#### [The problem]
Only one stretch of the records below should be repeated. It starts with the line containing "nat \<times> (nat" and goes on through the line containing "(prob_space W \<and>", exactly as written.

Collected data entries
▼

(* For the linear classification problem (estimating the margin $\max_{\|x\|\le1}\min_iA_ix$) and for the minimum enclosing ball problem (estimating $\min_x\max_i\|x-A_i\|^2$), there is no Las Vegas algorithm that reads an expected $o(M)$ entries of its input matrix and solves the problem to within a one-sided additive error of at most $1/2$. This holds even if $\|A_i\|=1$ for all rows $A_i$.
   Context: The input is an $n\times d$ real matrix $A$ with $M$ nonzero entries and rows of Euclidean norm at most $1$. A Las Vegas algorithm is a randomized algorithm whose output is always correct (never errs); its cost is the expected number of entries read. *)

theory Defs
  imports "HOL-Probability.Probability"
begin

text \<open>An input instance is a triple (n, d, A): an n x d real matrix given by its entry
  function A, with rows indexed by i < n and columns by j < d (entries outside are 0).\<close>
type_synonym input = "nat \<times> nat \<times> (nat \<Rightarrow> nat \<Rightarrow> real)"

definition row_norm :: "nat \<Rightarrow> (nat \<Rightarrow> nat \<Rightarrow> real) \<Rightarrow> nat \<Rightarrow> real" where
  "row_norm d A i = sqrt (\<Sum>j<d. (A i j)^2)"

definition valid_input :: "input \<Rightarrow> bool" where
  "valid_input inp = (case inp of (n, d, A) \<Rightarrow>
      n \<ge> 1 \<and> (\<forall>i j. (n \<le> i \<or> d \<le> j) \<longrightarrow> A i j = 0) \<and> (\<forall>i<n. row_norm d A i = 1))"

definition nnz :: "input \<Rightarrow> nat" where
  "nnz inp = (case inp of (n, d, A) \<Rightarrow> card {(i, j). i < n \<and> j < d \<and> A i j \<noteq> 0})"

definition margin :: "input \<Rightarrow> real" where
  "margin inp = (case inp of (n, d, A) \<Rightarrow>
     Sup {Min ((\<lambda>i. \<Sum>j<d. A i j * x j) ` {..<n}) | x :: nat \<Rightarrow> real. (\<Sum>j<d. (x j)^2) \<le> 1})"

definition meb :: "input \<Rightarrow> real" where
  "meb inp = (case inp of (n, d, A) \<Rightarrow>
     Inf {Max ((\<lambda>i. \<Sum>j<d. (x j - A i j)^2) ` {..<n}) | x :: nat \<Rightarrow> real. True})"

text \<open>A randomized entry-query algorithm: random seed w drawn from probability space W;
  on input inp it outputs out w inp after reading the set qry w inp of entries.\<close>
definition query_algorithm ::
  "'w measure \<Rightarrow> ('w \<Rightarrow> input \<Rightarrow> real) \<Rightarrow> ('w \<Rightarrow> input \<Rightarrow> (nat \<times> nat) set) \<Rightarrow> bool" where
  "query_algorithm W out qry =
     (prob_space W \<and>
      (\<forall>n d A. valid_input (n, d, A) \<longrightarrow>
         (\<lambda>w. real (card (qry w (n, d, A)))) \<in> borel_measurable W) \<and>
      (\<forall>w\<in>space W. \<forall>n d A. valid_input (n, d, A) \<longrightarrow> qry w (n, d, A) \<subseteq> {..<n} \<times> {..<d}) \<and>
      (\<forall>w\<in>space W. \<forall>n d A B. valid_input (n, d, A) \<longrightarrow> valid_input (n, d, B) \<longrightarrow>
         (\<forall>(i, j)\<in>qry w (n, d, A). A i j = B i j) \<longrightarrow>
         out w (n, d, B) = out w (n, d, A) \<and> qry w (n, d, B) = qry w (n, d, A)))"

definition las_vegas_one_sided :: "'w measure \<Rightarrow> ('w \<Rightarrow> input \<Rightarrow> real) \<Rightarrow> (input \<Rightarrow> real) \<Rightarrow> bool" where
  "las_vegas_one_sided W out f =
     ((\<forall>w\<in>space W. \<forall>inp. valid_input inp \<longrightarrow> f inp - 1/2 \<le> out w inp \<and> out w inp \<le> f inp) \<or>
      (\<forall>w\<in>space W. \<forall>inp. valid_input inp \<longrightarrow> f inp \<le> out w inp \<and> out w inp \<le> f inp + 1/2))"

definition expected_cost :: "'w measure \<Rightarrow> ('w \<Rightarrow> input \<Rightarrow> (nat \<times> nat) set) \<Rightarrow> input \<Rightarrow> ennreal" where
  "expected_cost W qry inp = (\<integral>\<^sup>+ w. ennreal (real (card (qry w inp))) \<partial>W)"

definition sublinear_cost :: "'w measure \<Rightarrow> ('w \<Rightarrow> input \<Rightarrow> (nat \<times> nat) set) \<Rightarrow> bool" where
  "sublinear_cost W qry =
     (\<forall>\<epsilon>>0. \<exists>M0. \<forall>inp. valid_input inp \<longrightarrow> nnz inp \<ge> M0 \<longrightarrow>
        expected_cost W qry inp \<le> ennreal (\<epsilon> * real (nnz inp)))"

end

theory Submission
  imports Defs
begin

text \<open>On the all-ones column the margin is 1 and the enclosing-ball radius is 0, while flipping
  the sign of any single entry makes the margin 0 and the radius 1. A seed that leaves some entry
  unread answers identically on both inputs, which a one-sided error of at most 1/2 forbids; so
  every seed reads all M = n entries and the expected cost is M, not o(M).\<close>

definition ones_column :: "nat \<Rightarrow> nat \<Rightarrow> nat \<Rightarrow> real" where
  "ones_column n i j = (if i < n \<and> j = 0 then 1 else 0)"

definition flipped_column :: "nat \<Rightarrow> nat \<Rightarrow> nat \<Rightarrow> nat \<Rightarrow> real" where
  "flipped_column n k i j = (if i = k then - ones_column n i j else ones_column n i j)"

lemma valid_input_ones_column: "n \<ge> 1 \<Longrightarrow> valid_input (n, 1, ones_column n)"
  by (auto simp: valid_input_def ones_column_def row_norm_def)

lemma valid_input_flipped_column: "n \<ge> 1 \<Longrightarrow> valid_input (n, 1, flipped_column n k)"
  by (auto simp: valid_input_def flipped_column_def ones_column_def row_norm_def)

lemma nnz_ones_column: "nnz (n, 1, ones_column n) = n"
proof -
  have "{(i, j). i < n \<and> j < (1::nat) \<and> ones_column n i j \<noteq> 0} = {..<n} \<times> {0}"
    by (auto simp: ones_column_def)
  then show ?thesis by (simp add: nnz_def)
qed

lemma other_index_exists:
  assumes "2 \<le> n" "(k::nat) < n"
  obtains k' where "k' < n" "k' \<noteq> k"
  using assms that[of 0] that[of 1] by fastforce

lemma row_values_ones_column:
  "n \<ge> 1 \<Longrightarrow> (\<lambda>i. g (ones_column n i 0)) ` {..<n} = {g 1}"
  by (auto simp: ones_column_def intro!: image_eqI[of _ _ 0])

lemma row_values_flipped_column:
  assumes "2 \<le> n" "k < n"
  shows "(\<lambda>i. g (flipped_column n k i 0)) ` {..<n} = {g (-1), g 1}"
proof -
  obtain k' where k': "k' < n" "k' \<noteq> k" using other_index_exists assms by blast
  have "g (-1) = g (flipped_column n k k 0)" "g 1 = g (flipped_column n k k' 0)"
    using assms k' by (simp_all add: flipped_column_def ones_column_def)
  then show ?thesis
    using assms k' by (auto simp: flipped_column_def ones_column_def)
qed

lemma margin_ones_column:
  assumes "n \<ge> 1" shows "margin (n, 1, ones_column n) = 1"
proof -
  have "margin (n, 1, ones_column n) = Sup {x 0 | x :: nat \<Rightarrow> real. (x 0)^2 \<le> 1}"
    using row_values_ones_column[OF assms, of "\<lambda>a. a * _"] by (simp add: margin_def)
  also have "\<dots> = 1"
  proof (rule cSup_eq_maximum)
    show "1 \<in> {x 0 | x :: nat \<Rightarrow> real. (x 0)^2 \<le> 1}" by (auto intro: exI[of _ "\<lambda>_. 1"])
  qed (auto simp: abs_square_le_1 dest: abs_le_D1)
  finally show ?thesis .
qed

lemma margin_flipped_column:
  assumes "2 \<le> n" "k < n" shows "margin (n, 1, flipped_column n k) = 0"
proof -
  have "margin (n, 1, flipped_column n k) =
      Sup {min (- x 0) (x 0) | x :: nat \<Rightarrow> real. (x 0)^2 \<le> 1}"
    using row_values_flipped_column[OF assms, of "\<lambda>a. a * _"] by (simp add: margin_def)
  also have "\<dots> = 0"
  proof (rule cSup_eq_maximum)
    show "0 \<in> {min (- x 0) (x 0) | x :: nat \<Rightarrow> real. (x 0)^2 \<le> 1}"
      by (auto intro: exI[of _ "\<lambda>_. 0"])
  qed auto
  finally show ?thesis .
qed

lemma meb_ones_column:
  assumes "n \<ge> 1" shows "meb (n, 1, ones_column n) = 0"
proof -
  have "meb (n, 1, ones_column n) = Inf {(x 0 - 1)^2 | x :: nat \<Rightarrow> real. True}"
    using row_values_ones_column[OF assms, of "\<lambda>a. (_ - a)^2"] by (simp add: meb_def)
  also have "\<dots> = 0"
  proof (rule cInf_eq_minimum)
    show "0 \<in> {(x 0 - 1)^2 | x :: nat \<Rightarrow> real. True}" by (auto intro: exI[of _ "\<lambda>_. 1"])
  qed auto
  finally show ?thesis .
qed

lemma meb_flipped_column:
  assumes "2 \<le> n" "k < n" shows "meb (n, 1, flipped_column n k) = 1"
proof -
  have "meb (n, 1, flipped_column n k) =
      Inf {max ((x 0 + 1)^2) ((x 0 - 1)^2) | x :: nat \<Rightarrow> real. True}"
    using row_values_flipped_column[OF assms, of "\<lambda>a. (_ - a)^2"] by (simp add: meb_def)
  also have "\<dots> = 1"
  proof (rule cInf_eq_minimum)
    show "1 \<in> {max ((x 0 + 1)^2) ((x 0 - 1)^2) | x :: nat \<Rightarrow> real. True}"
      by (auto intro: exI[of _ "\<lambda>_. 0"])
  next
    fix y assume "y \<in> {max ((x 0 + 1)^2) ((x 0 - 1)^2) | x :: nat \<Rightarrow> real. True}"
    then obtain t :: real where y: "y = max ((t + 1)^2) ((t - 1)^2)" by auto
    have "(t + 1)^2 + (t - 1)^2 = 2 + 2 * t^2" by (simp add: power2_eq_square algebra_simps)
    then show "1 \<le> y" unfolding y by (smt (verit) zero_le_power2)
  qed
  finally show ?thesis .
qed

lemma las_vegas_one_sided_separates:
  assumes lv: "las_vegas_one_sided W out f" and w: "w \<in> space W"
    and valid: "valid_input inp" "valid_input inp'" and gap: "\<bar>f inp - f inp'\<bar> > 1/2"
  shows "out w inp \<noteq> out w inp'"
proof
  assume same: "out w inp = out w inp'"
  from lv show False
    unfolding las_vegas_one_sided_def
  proof (elim disjE)
    assume "\<forall>w\<in>space W. \<forall>inp. valid_input inp \<longrightarrow> f inp - 1/2 \<le> out w inp \<and> out w inp \<le> f inp"
    then have "f inp - 1/2 \<le> out w inp" "out w inp \<le> f inp"
        "f inp' - 1/2 \<le> out w inp'" "out w inp' \<le> f inp'"
      using w valid by blast+
    then show False using same gap by linarith
  next
    assume "\<forall>w\<in>space W. \<forall>inp. valid_input inp \<longrightarrow> f inp \<le> out w inp \<and> out w inp \<le> f inp + 1/2"
    then have "f inp \<le> out w inp" "out w inp \<le> f inp + 1/2"
        "f inp' \<le> out w inp'" "out w inp' \<le> f inp' + 1/2"
      using w valid by blast+
    then show False using same gap by linarith
  qed
qed

lemma query_algorithm_reads_difference:
  assumes qa: "query_algorithm W out qry" and w: "w \<in> space W"
    and valid: "valid_input (n, d, A)" "valid_input (n, d, B)"
    and differ: "out w (n, d, A) \<noteq> out w (n, d, B)"
  shows "\<exists>(i, j)\<in>qry w (n, d, A). A i j \<noteq> B i j"
proof (rule ccontr)
  assume "\<not> (\<exists>(i, j)\<in>qry w (n, d, A). A i j \<noteq> B i j)"
  then have "\<forall>(i, j)\<in>qry w (n, d, A). A i j = B i j" by blast
  then have "out w (n, d, B) = out w (n, d, A)"
    using qa w valid unfolding query_algorithm_def by blast
  then show False using differ by simp
qed

lemma las_vegas_reads_ones_column:
  assumes qa: "query_algorithm W out qry" and lv: "las_vegas_one_sided W out f"
    and w: "w \<in> space W" and n: "n \<ge> 1"
    and gap: "\<And>k. k < n \<Longrightarrow> \<bar>f (n, 1, ones_column n) - f (n, 1, flipped_column n k)\<bar> > 1/2"
  shows "qry w (n, 1, ones_column n) = {..<n} \<times> {..<1}"
proof
  have ones: "valid_input (n, 1, ones_column n)"
    using n by (rule valid_input_ones_column)
  then show "qry w (n, 1, ones_column n) \<subseteq> {..<n} \<times> {..<1}"
    using qa w unfolding query_algorithm_def by blast
  show "{..<n} \<times> {..<1} \<subseteq> qry w (n, 1, ones_column n)"
  proof
    fix p assume "p \<in> {..<n} \<times> {..<1::nat}"
    then obtain k where p: "p = (k, 0)" and k: "k < n" by auto
    have flipped: "valid_input (n, 1, flipped_column n k)"
      using n by (rule valid_input_flipped_column)
    have "out w (n, 1, ones_column n) \<noteq> out w (n, 1, flipped_column n k)"
      using las_vegas_one_sided_separates[OF lv w ones flipped gap[OF k]] .
    then obtain i j' where "(i, j') \<in> qry w (n, 1, ones_column n)"
        and "ones_column n i j' \<noteq> flipped_column n k i j'"
      using query_algorithm_reads_difference[OF qa w ones flipped] by blast
    moreover from this(2) have "i = k" "j' = 0"
      by (auto simp: flipped_column_def ones_column_def split: if_splits)
    ultimately show "p \<in> qry w (n, 1, ones_column n)" using p by simp
  qed
qed

lemma not_sublinear_cost_if_reads_all_nonzeros:
  assumes W: "prob_space W"
    and reads_all: "\<And>M0. \<exists>inp. valid_input inp \<and> M0 \<le> nnz inp \<and> 0 < nnz inp \<and>
                       (\<forall>w\<in>space W. nnz inp \<le> card (qry w inp))"
  shows "\<not> sublinear_cost W qry"
proof
  assume "sublinear_cost W qry"
  then obtain M0 where M0: "\<And>inp. valid_input inp \<Longrightarrow> M0 \<le> nnz inp \<Longrightarrow>
      expected_cost W qry inp \<le> ennreal (1/2 * real (nnz inp))"
    unfolding sublinear_cost_def by (meson half_gt_zero zero_less_one)
  obtain inp where inp: "valid_input inp" "M0 \<le> nnz inp" "0 < nnz inp"
    and card: "\<And>w. w \<in> space W \<Longrightarrow> nnz inp \<le> card (qry w inp)"
    using reads_all by blast
  have "ennreal (real (nnz inp)) = (\<integral>\<^sup>+ w. ennreal (real (nnz inp)) \<partial>W)"
    using prob_space.emeasure_space_1[OF W] by simp
  also have "\<dots> \<le> expected_cost W qry inp"
    unfolding expected_cost_def by (intro nn_integral_mono) (simp add: card)
  also have "\<dots> \<le> ennreal (1/2 * real (nnz inp))"
    using M0 inp by blast
  finally show False
    using inp(3) by (simp add: ennreal_le_iff)
qed

lemma no_sublinear_las_vegas_if_flip_gap:
  assumes gap: "\<And>n k. 2 \<le> n \<Longrightarrow> k < n \<Longrightarrow>
      \<bar>f (n, 1, ones_column n) - f (n, 1, flipped_column n k)\<bar> > 1/2"
  shows "\<not> (\<exists>W out qry. query_algorithm W out qry \<and> las_vegas_one_sided W out f \<and>
                        sublinear_cost W qry)"
proof clarify
  fix W out qry
  assume qa: "query_algorithm W out qry" and lv: "las_vegas_one_sided W out f"
    and sublinear: "sublinear_cost W qry"
  have W: "prob_space W"
    using qa unfolding query_algorithm_def by blast
  have "\<exists>inp. valid_input inp \<and> M0 \<le> nnz inp \<and> 0 < nnz inp \<and>
      (\<forall>w\<in>space W. nnz inp \<le> card (qry w inp))" for M0
  proof (intro exI conjI ballI)
    let ?n = "max M0 2"
    show "valid_input (?n, 1, ones_column ?n)" by (rule valid_input_ones_column) simp
    show "M0 \<le> nnz (?n, 1, ones_column ?n)" "0 < nnz (?n, 1, ones_column ?n)"
      by (simp_all add: nnz_ones_column del: One_nat_def)
    show "nnz (?n, 1, ones_column ?n) \<le> card (qry w (?n, 1, ones_column ?n))" if "w \<in> space W" for w
      using las_vegas_reads_ones_column[OF qa lv that _ gap]
      by (simp add: nnz_ones_column del: One_nat_def)
  qed
  then show False
    using not_sublinear_cost_if_reads_all_nonzeros[OF W] sublinear by blast
qed

theorem mainTheorem19:
  shows "\<not> (\<exists>(W :: 'w measure) out qry. query_algorithm W out qry \<and>
             las_vegas_one_sided W out margin \<and> sublinear_cost W qry)
       \<and> \<not> (\<exists>(W :: 'w measure) out qry. query_algorithm W out qry \<and>
             las_vegas_one_sided W out meb \<and> sublinear_cost W qry)"
  by (intro conjI no_sublinear_las_vegas_if_flip_gap)
    (simp_all add: margin_ones_column margin_flipped_column meb_ones_column meb_flipped_column
      del: One_nat_def)

end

▲

#### [Solution]
type_synonym input = "nat \<times> nat \<times> (nat \<Rightarrow> nat \<Rightarrow> real)"

definition row_norm :: "nat \<Rightarrow> (nat \<Rightarrow> nat \<Rightarrow> real) \<Rightarrow> nat \<Rightarrow> real" where
  "row_norm d A i = sqrt (\<Sum>j<d. (A i j)^2)"

definition valid_input :: "input \<Rightarrow> bool" where
  "valid_input inp = (case inp of (n, d, A) \<Rightarrow>
      n \<ge> 1 \<and> (\<forall>i j. (n \<le> i \<or> d \<le> j) \<longrightarrow> A i j = 0) \<and> (\<forall>i<n. row_norm d A i = 1))"

definition nnz :: "input \<Rightarrow> nat" where
  "nnz inp = (case inp of (n, d, A) \<Rightarrow> card {(i, j). i < n \<and> j < d \<and> A i j \<noteq> 0})"

definition margin :: "input \<Rightarrow> real" where
  "margin inp = (case inp of (n, d, A) \<Rightarrow>
     Sup {Min ((\<lambda>i. \<Sum>j<d. A i j * x j) ` {..<n}) | x :: nat \<Rightarrow> real. (\<Sum>j<d. (x j)^2) \<le> 1})"

definition meb :: "input \<Rightarrow> real" where
  "meb inp = (case inp of (n, d, A) \<Rightarrow>
     Inf {Max ((\<lambda>i. \<Sum>j<d. (x j - A i j)^2) ` {..<n}) | x :: nat \<Rightarrow> real. True})"

text \<open>A randomized entry-query algorithm: random seed w drawn from probability space W;
  on input inp it outputs out w inp after reading the set qry w inp of entries.\<close>
definition query_algorithm ::
  "'w measure \<Rightarrow> ('w \<Rightarrow> input \<Rightarrow> real) \<Rightarrow> ('w \<Rightarrow> input \<Rightarrow> (nat \<times> nat) set) \<Rightarrow> bool" where
  "query_algorithm W out qry =
     (prob_space W \<and>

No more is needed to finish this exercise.